B. C.—When the muscles and tendons of the hand have become strained, the condition is a serious one, and care must be exercised to avoid permanent disability. A physician would naturally, as in your case, advise rest. Yet this difficulty has existed before and has been conquered. In the case of a well-known pianist, who had overworked his hands, restoration was accomplished by bathing the strained muscles with hot and cold water alternately, and by moderate exercise, not complete cessation. The recovery is tedious, but not impossible. Make your practice delicate and slow, never strong nor with an attempt at speed, and stop before you experience numbness or darting muscle-pains. General exercise in the open air and dumb-bell work or calisthenics are helpful.

E. A. H.—The use of a pointer, or baton, in piano- teaching, even in the elementary grades, is of doubtful value. If attention is to be called to any particular passage, the ever-ready lead-pencil should suffice, and for marking time and for enforcing rhythm the metronome is indispensable. It will not be necessary to keep the place, with either pointer or pencil, for a pupil who has received the proper preparatory training in sight-reading. The whole trouble is that a majority of pupils are taken to the keyboard too soon, thus entailing endless trouble and vexation on both teacher and pupil.

G. L.—For a “showy, but not too difficult,” exhibition piece suitable for a promiscuous audience we would recommend either of the following: Larregla, ‘La Coquetuela”; L. Gaertner, “La Scintillata”; Godard, “Second Mazurka.” In The Etude will be found each month a composition of about the grade and character you describe, as, for instance, the “Ballet Mignon,” by Wachs, in the January issue.

D. D. A.—The apparent contradiction between the Italian terms denoting varying degrees of tempo and the figures on the face of the metronome has puzzled many. The terms are given in their proper order from largo to presto simply to show their comparative slowness or rapidity of movement. They have no connection with the figures used to indicate the position of the pendulum.

When the sign M.M. quarter-note = 72 is given, you are playing at the rate of seventy-two quarter-notes to the minute, and when the sign M.M. half-note = 72 is given you are playing seventy-two half-notes to the minute, or just twice as fast.

The bell on a metronome is usually adjusted so as to ring on the first beat of each measure.

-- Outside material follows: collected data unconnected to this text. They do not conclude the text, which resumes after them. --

(* In the discontinuous Galerkin setting of the context, for every $T\in\mathcal T_h$, every face $e\in F_h$ with $e\subset\partial T$ (with $\mathbf n_e=\mathbf n_{\partial T}|_e$ the outward normal), every $\ell\in\{1,2\}$ and every $v_h\in V_h$, \[\|\chi_\ell^{1/2}\nabla v_h|_T\|^2_{L^2(e)^d}\le C_\chi h_T^{-1}\|\chi_\ell^{1/2}\nabla v_h\|^2_{L^2(T)^d}.\]
   Context: $\mathcal D\subset\mathbb R^d$ is an open convex polygon; $\chi_1,\chi_2\in W^{1,\infty}(\mathcal D)$ are non-negative weight functions forming a partition of unity with $\|\chi_\ell\|_{L^\infty}\le1$. $\mathcal T_h$ is a (shape-regular) mesh of $\mathcal D$ whose elements $T$ are affine images of a fixed reference convex polyhedron; $h_T$ is the diameter of $T$, $h=\max_T h_T$, and $\chi_\ell|_T$ is linear on every $T\in\mathcal T_h$. $F_h$ is the set of faces of the mesh. $V_h=\{v_h\in L^2(\mathcal D):v_h|_T\in\mathbb P^1(T)\ \forall T\in\mathcal T_h\}$ (piecewise affine, possibly discontinuous); $v_h|_T$ on a face denotes the trace from $T$. $C_\chi>0$ is the discrete trace constant (independent of $h$ and $T$) such that for all $T\in\mathcal T_h$, all faces $e\subset\partial T$ and all polynomials $q$ of degree at most $1$ on $T$, $\|q\|_{L^1(e)}\le C_\chi h_T^{-1}\|q\|_{L^1(T)}$. *)

theory Defs
  imports "HOL-Analysis.Analysis"
begin

text \<open>(d-1)-dimensional surface (area) measure on the affine hyperplane
  H = {x. n \<bullet> x = c}, for a unit vector n.  It is the push-forward of
  Lebesgue measure restricted to the slab {x. c - 1 \<le> n \<bullet> x \<le> c} (of unit
  width) under the orthogonal projection onto H; by Fubini, a Borel set
  A \<subseteq> H gets exactly its (d-1)-dimensional area, and the measure is
  concentrated on H.\<close>
definition hyperplane_measure :: "'a::euclidean_space \<Rightarrow> real \<Rightarrow> 'a measure" where
  "hyperplane_measure n c =
     distr (restrict_space lebesgue {x. c - 1 \<le> n \<bullet> x \<and> n \<bullet> x \<le> c}) borel
           (\<lambda>x. x + (c - n \<bullet> x) *\<^sub>R n)"

definition grad :: "('a::real_inner \<Rightarrow> real) \<Rightarrow> 'a \<Rightarrow> 'a" where
  "grad f x = (THE D. GDERIV f x :> D)"

definition affine_poly_on :: "'a::euclidean_space set \<Rightarrow> ('a \<Rightarrow> real) \<Rightarrow> bool" where
  "affine_poly_on S f \<longleftrightarrow> (\<exists>g b. \<forall>x\<in>S. f x = g \<bullet> x + b)"

end

theory Submission
  imports Defs
begin

text \<open>On a mesh element \<open>T\<close> the function \<open>v\<^sub>h\<close> is affine, so its gradient is a constant
  vector \<open>g\<close> and \<open>|\<chi>\<^sub>\<ell>^(1/2) \<nabla>v\<^sub>h|\<^sup>2 = |g|\<^sup>2 \<chi>\<^sub>\<ell>\<close>. Since \<open>\<chi>\<^sub>\<ell>\<close> is itself affine on \<open>T\<close>,
  the discrete trace inequality applies to \<open>q = \<chi>\<^sub>\<ell>\<close>; multiplying it by \<open>|g|\<^sup>2\<close> gives
  the claim.\<close>

lemma GDERIV_unique:
  assumes "GDERIV f x :> D" and "GDERIV f x :> E"
  shows "D = E"
proof -
  have "(\<lambda>h. h \<bullet> D) = (\<lambda>h. h \<bullet> E)"
    using assms unfolding gderiv_def by (rule has_derivative_unique)
  then have "(D - E) \<bullet> D = (D - E) \<bullet> E"
    by metis
  then have "(D - E) \<bullet> (D - E) = 0"
    by (simp add: inner_diff_right)
  then show ?thesis
    by simp
qed

lemma grad_eqI: "GDERIV f x :> D \<Longrightarrow> grad f x = D"
  unfolding grad_def using GDERIV_unique by blast

lemma GDERIV_affine: "GDERIV (\<lambda>x. g \<bullet> x + b) x :> g"
  unfolding gderiv_def by (auto intro!: derivative_eq_intros simp: inner_commute)

lemma grad_affine: "grad (\<lambda>x. g \<bullet> x + b) x = g"
  by (rule grad_eqI [OF GDERIV_affine])

text \<open>Holds for negative \<open>a\<close> too, as \<open>sqrt\<close> is odd: no sign of \<open>\<chi>\<^sub>\<ell>\<close> is needed on
  facets in the boundary of the domain, where nonnegativity is not assumed.\<close>

lemma norm_sqrt_scaleR_power2: "(norm (sqrt a *\<^sub>R v))\<^sup>2 = \<bar>a\<bar> * (norm v)\<^sup>2"
  by (simp add: power_mult_distrib flip: real_sqrt_abs')

theorem lemma5p4:
  fixes D :: "'a::euclidean_space set"
    and Th :: "'a set set"
    and K :: "'a set"
    and chi :: "nat \<Rightarrow> 'a \<Rightarrow> real"
    and vh :: "'a set \<Rightarrow> 'a \<Rightarrow> real"
    and C_chi :: real
    and T e :: "'a set" and n :: 'a and c :: real and l :: nat
  assumes D_open: "open D" and D_convex: "convex D"
    and D_polygon: "\<exists>P. polytope P \<and> D = interior P"
    and K_ref: "polytope K" "interior K \<noteq> {}"
    and mesh_finite: "finite Th"
    and mesh_cover: "\<Union>Th = closure D"
    and mesh_disj: "\<forall>T1\<in>Th. \<forall>T2\<in>Th. T1 \<noteq> T2 \<longrightarrow> interior T1 \<inter> interior T2 = {}"
    and mesh_affine: "\<forall>T\<in>Th. \<exists>A b. linear A \<and> bij A \<and> T = (\<lambda>x. A x + b) ` K"
    and chi_W1inf: "\<forall>j\<in>{1,2}. \<exists>L. lipschitz_on L D (chi j)"
    and chi_nonneg: "\<forall>j\<in>{1,2}. \<forall>x\<in>D. 0 \<le> chi j x"
    and chi_bound: "\<forall>j\<in>{1,2}. \<forall>x\<in>D. \<bar>chi j x\<bar> \<le> 1"
    and chi_pu: "\<forall>x\<in>D. chi 1 x + chi 2 x = 1"
    and chi_linear: "\<forall>j\<in>{1,2}. \<forall>T\<in>Th. affine_poly_on T (chi j)"
    and vh_Vh: "\<forall>T\<in>Th. affine_poly_on UNIV (vh T)"
    and C_pos: "C_chi > 0"
    and trace: "\<forall>T\<in>Th. \<forall>e n c. e facet_of T \<and> norm n = 1 \<and> T \<subseteq> {x. n \<bullet> x \<le> c}
                  \<and> e \<subseteq> {x. n \<bullet> x = c} \<longrightarrow>
                 (\<forall>q. affine_poly_on T q \<longrightarrow>
                    (LINT x:e|hyperplane_measure n c. \<bar>q x\<bar>)
                      \<le> C_chi * inverse (diameter T) * (LINT x:T|lebesgue. \<bar>q x\<bar>))"
    and T_in: "T \<in> Th"
    and e_face: "e facet_of T"
    and n_normal: "norm n = 1" "T \<subseteq> {x. n \<bullet> x \<le> c}" "e \<subseteq> {x. n \<bullet> x = c}"
    and l_in: "l \<in> {1,2}"
  shows "(LINT x:e|hyperplane_measure n c. (norm (sqrt (chi l x) *\<^sub>R grad (vh T) x))\<^sup>2)
           \<le> C_chi * inverse (diameter T) *
              (LINT x:T|lebesgue. (norm (sqrt (chi l x) *\<^sub>R grad (vh T) x))\<^sup>2)"
proof -
  obtain g b where vh_T: "vh T = (\<lambda>x. g \<bullet> x + b)"
    using vh_Vh T_in unfolding affine_poly_on_def by fast
  have integrand: "(norm (sqrt (chi l x) *\<^sub>R grad (vh T) x))\<^sup>2 = (norm g)\<^sup>2 * \<bar>chi l x\<bar>" for x
    unfolding vh_T grad_affine norm_sqrt_scaleR_power2 by (rule mult.commute)
  have chi_trace: "(LINT x:e|hyperplane_measure n c. \<bar>chi l x\<bar>)
      \<le> C_chi * inverse (diameter T) * (LINT x:T|lebesgue. \<bar>chi l x\<bar>)"
    using trace T_in e_face n_normal chi_linear l_in by blast
  have "(LINT x:e|hyperplane_measure n c. (norm g)\<^sup>2 * \<bar>chi l x\<bar>)
      = (norm g)\<^sup>2 * (LINT x:e|hyperplane_measure n c. \<bar>chi l x\<bar>)"
    by simp
  also have "\<dots> \<le> (norm g)\<^sup>2 * (C_chi * inverse (diameter T) * (LINT x:T|lebesgue. \<bar>chi l x\<bar>))"
    by (rule mult_left_mono [OF chi_trace]) simp
  also have "\<dots> = C_chi * inverse (diameter T) * (LINT x:T|lebesgue. (norm g)\<^sup>2 * \<bar>chi l x\<bar>)"
    by simp
  finally show ?thesis
    unfolding integrand .
qed

end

G. W.—Bendel’s opus 135 is a suite of descriptive pieces based on various German folk-legends. “Frau Holle” may be characterized as a sort of Teutonic “Mother Goose.” In Germany, when the snow-flakes are falling, the household saying is that “Frau Holle must be shaking up her feather-beds.” This should suggest to you the proper interpretation (light and delicate) of the composition in question.